810nm Infrared Wavelength:
Known as the "therapeutic wavelength," this option can penetrate deeply and significantly impact cellular activity. With 8W of power, it delivers the maximum amount of energy possible.
915nm Infrared Wavelength:
By discharging oxygen into the bloodstream at a faster rate, this wavelength boosts cellular fuel and promotes healing. At 9W of power, it ensures the highest hemoglobin assimilation rate.

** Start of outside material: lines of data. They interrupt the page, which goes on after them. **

lemma reval_add_rf: "reval add_rf [n, x] (n + x)"
  unfolding add_rf_def
proof (induction n)
  case 0
  then show ?case by (auto intro!: reval.prim0 reval_proj)
next
  case (Suc n)
  have "reval (Comp Succ [Proj 0]) [n + x, n, x] (Suc (n + x))"
    by (rule reval_comp1[OF reval_proj]) (auto intro: reval.succ)
  then show ?case using reval.primS[OF Suc] by simp
qed

definition triangle_rf :: recf where
  "triangle_rf = Prim Zero (Comp add_rf [Comp Succ [Proj 1], Proj 0])"

lemma reval_triangle_rf: "reval triangle_rf [n] (triangle n)"
  unfolding triangle_rf_def
proof (induction n)
  case 0
  then show ?case by (auto intro!: reval.prim0 reval.zero)
next
  case (Suc n)
  have "reval (Comp add_rf [Comp Succ [Proj 1], Proj 0]) [triangle n, n] (Suc n + triangle n)"
    by (rule reval_comp2[OF reval_comp1[OF reval_proj] reval_proj reval_add_rf])
      (auto intro: reval.succ)
  then show ?case using reval.primS[OF Suc] by (simp add: add.commute)
qed

definition prod_encode_rf :: recf where
  "prod_encode_rf = Comp add_rf [Proj 0, Comp triangle_rf [Comp add_rf [Proj 0, Proj 1]]]"

lemma reval_prod_encode_rf: "reval prod_encode_rf [m, n] (prod_encode (m, n))"
  unfolding prod_encode_rf_def
  by (rule reval_comp2[OF reval_proj
        reval_comp1[OF reval_comp2[OF reval_proj reval_proj reval_add_rf] reval_triangle_rf]])
     (use reval_add_rf[of m "triangle (m + n)"] in \<open>auto simp: prod_encode_def add.commute\<close>)

definition pair_rf :: "recf \<Rightarrow> recf \<Rightarrow> recf" where
  "pair_rf f g = Comp prod_encode_rf [f, g]"

lemma reval_pair_rf: "reval f xs u \<Longrightarrow> reval g xs v \<Longrightarrow> reval (pair_rf f g) xs (prod_encode (u, v))"
  unfolding pair_rf_def by (rule reval_comp2[OF _ _ reval_prod_encode_rf])

primrec const_rf :: "nat \<Rightarrow> recf" where
  "const_rf 0 = Zero"
| "const_rf (Suc k) = Comp Succ [const_rf k]"

lemma reval_const_rf: "reval (const_rf k) xs k"
  by (induction k) (auto intro: reval.zero reval_comp1 reval.succ)

definition pin_regs_fm :: "nat list \<Rightarrow> nat list \<Rightarrow> nat fm \<Rightarrow> nat fm" where
  "pin_regs_fm is xs \<phi> = foldr (\<lambda>i. Conj (Eq (Var (Suc i)) (Const (int (xs ! i))))) is \<phi>"

definition zero_regs_fm :: "nat \<Rightarrow> nat \<Rightarrow> nat fm" where
  "zero_regs_fm n R = conjs (Eq (Var 0) (Const 0) # map (\<lambda>q. Eq (Var (Suc q)) (Const 0)) [n..<R])"

lemma sat_pin_regs_fm:
  "sat \<sigma> (pin_regs_fm is xs \<phi>) \<longleftrightarrow> (\<forall>i\<in>set is. \<sigma> (Suc i) = int (xs ! i)) \<and> sat \<sigma> \<phi>"
  unfolding pin_regs_fm_def by (induction "is") auto

lemma set_pin_regs_fm: "set_fm (pin_regs_fm is xs \<phi>) = Suc ` set is \<union> set_fm \<phi>"
  unfolding pin_regs_fm_def by (induction "is") auto

lemma sat_initial_fm:
  assumes "length xs \<le> R"
  shows "sat \<sigma> (pin_regs_fm [0..<length xs] xs (zero_regs_fm (length xs) R)) \<longleftrightarrow>
    encodes_state R \<sigma> (0, input_regs xs)"
  using assms unfolding sat_pin_regs_fm zero_regs_fm_def encodes_state_def input_regs_def
  by (auto simp: not_less)

lemma set_initial_fm:
  "length xs \<le> R \<Longrightarrow> set_fm (pin_regs_fm [0..<length xs] xs (zero_regs_fm (length xs) R)) \<subseteq> {..R}"
  unfolding set_pin_regs_fm zero_regs_fm_def by auto

text \<open>The code of a pinned register equation is computable from the register value, since
\<open>int_encode (int c) = 2 c\<close>.\<close>

definition pin_reg_rf :: "nat \<Rightarrow> recf" where
  "pin_reg_rf i = pair_rf (const_rf 2)
     (pair_rf (pair_rf (const_rf 0) (const_rf (Suc i)))
              (pair_rf (const_rf 1) (Comp add_rf [Proj i, Proj i])))"

lemma reval_pin_reg_rf:
  assumes "i < length xs"
  shows "reval (pin_reg_rf i) xs (encode_fm id (Eq (Var (Suc i)) (Const (int (xs ! i)))))"
proof -
  have "reval (pin_reg_rf i) xs
      (prod_encode (2, prod_encode (prod_encode (0, Suc i), prod_encode (1, xs ! i + xs ! i))))"
    unfolding pin_reg_rf_def
    by (intro reval_pair_rf reval_const_rf reval_comp2[OF reval_proj reval_proj reval_add_rf])
      (use assms in simp_all)
  then show ?thesis by (simp add: int_encode_def sum_encode_def mult_2)
qed

primrec pin_regs_rf :: "nat list \<Rightarrow> recf" where
  "pin_regs_rf [] = Proj 1"
| "pin_regs_rf (i # is) = pair_rf (const_rf 6) (pair_rf (pin_reg_rf i) (pin_regs_rf is))"

lemma reval_pin_regs_rf:
  assumes "\<forall>i\<in>set is. i < length xs" "1 < length xs" "xs ! 1 = encode_fm id \<phi>"
  shows "reval (pin_regs_rf is) xs (encode_fm id (pin_regs_fm is xs \<phi>))"
  using assms(1)
proof (induction "is")
  case Nil
  have "pin_regs_fm [] xs \<phi> = \<phi>" by (simp add: pin_regs_fm_def)
  then show ?case using reval_proj[OF assms(2,3)] by (simp only: pin_regs_rf.simps)
next
  case (Cons i "is")
  have code: "encode_fm id (pin_regs_fm (i # is) xs \<phi>) = prod_encode (6, prod_encode
      (encode_fm id (Eq (Var (Suc i)) (Const (int (xs ! i)))), encode_fm id (pin_regs_fm is xs \<phi>)))"
    by (simp add: pin_regs_fm_def)
  have "reval (pin_regs_rf is) xs (encode_fm id (pin_regs_fm is xs \<phi>))"
    by (rule Cons.IH) (use Cons.prems in simp)
  then show ?case
    unfolding pin_regs_rf.simps code
    by (intro reval_pair_rf reval_const_rf reval_pin_reg_rf) (use Cons.prems in simp_all)
qed

text \<open>Registers \<open>0, \<dots>, 3\<close> hold the codes of \<open>V\<close>, of the tail \<open>\<phi>\<close> of the initial condition,
of the transition formula and of the property; the initial condition pins them to these values,
so its own code is a recursive function of them.\<close>

definition instance_rf :: recf where
  "instance_rf = pair_rf (Proj 0) (pair_rf (pin_regs_rf [0..<4]) (pair_rf (Proj 2) (Proj 3)))"

lemma reval_instance_rf:
  assumes "xs = [set_encode V, encode_fm id \<phi>, encode_fm sum_encode TR, encode_fm id P]"
  shows "reval instance_rf xs (encode_instance V (pin_regs_fm [0..<4] xs \<phi>) TR P)"
  unfolding instance_rf_def encode_instance_def
  using reval_pin_regs_rf[of "[0..<4]" xs \<phi>] assms
  by (auto intro!: reval_pair_rf reval_proj)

980nm Infrared Wavelength:
This wavelength plays a vital role in oxygen transport and waste removal by using water as a carrier. Photon absorption creates heat, producing a controlled thermal environment at the cellular level. This prompts responses such as increased microcirculation and oxygen transport to needy cells.
SUPER PULSING
There has been a lot of discussion in the laser manufacturing world about a technique called “super pulsing.” This involves lasers emitting an extremely short burst of energy – sometimes as short as a billionth of a second. However, it’s important to understand the therapeutic potential of such a short time frame.
It’s also worth noting that the effectiveness of super pulsing is limited by the structural design of the laser diode. If your laser is designed to output 500mW (Class IIIb laser), it cannot handle a burst of energy that is 1000 times its normal operating power level. This would be like giving a 60W light bulb a jolt of electricity 100 times its normal level – even a millisecond of energy would cause the bulb to burst.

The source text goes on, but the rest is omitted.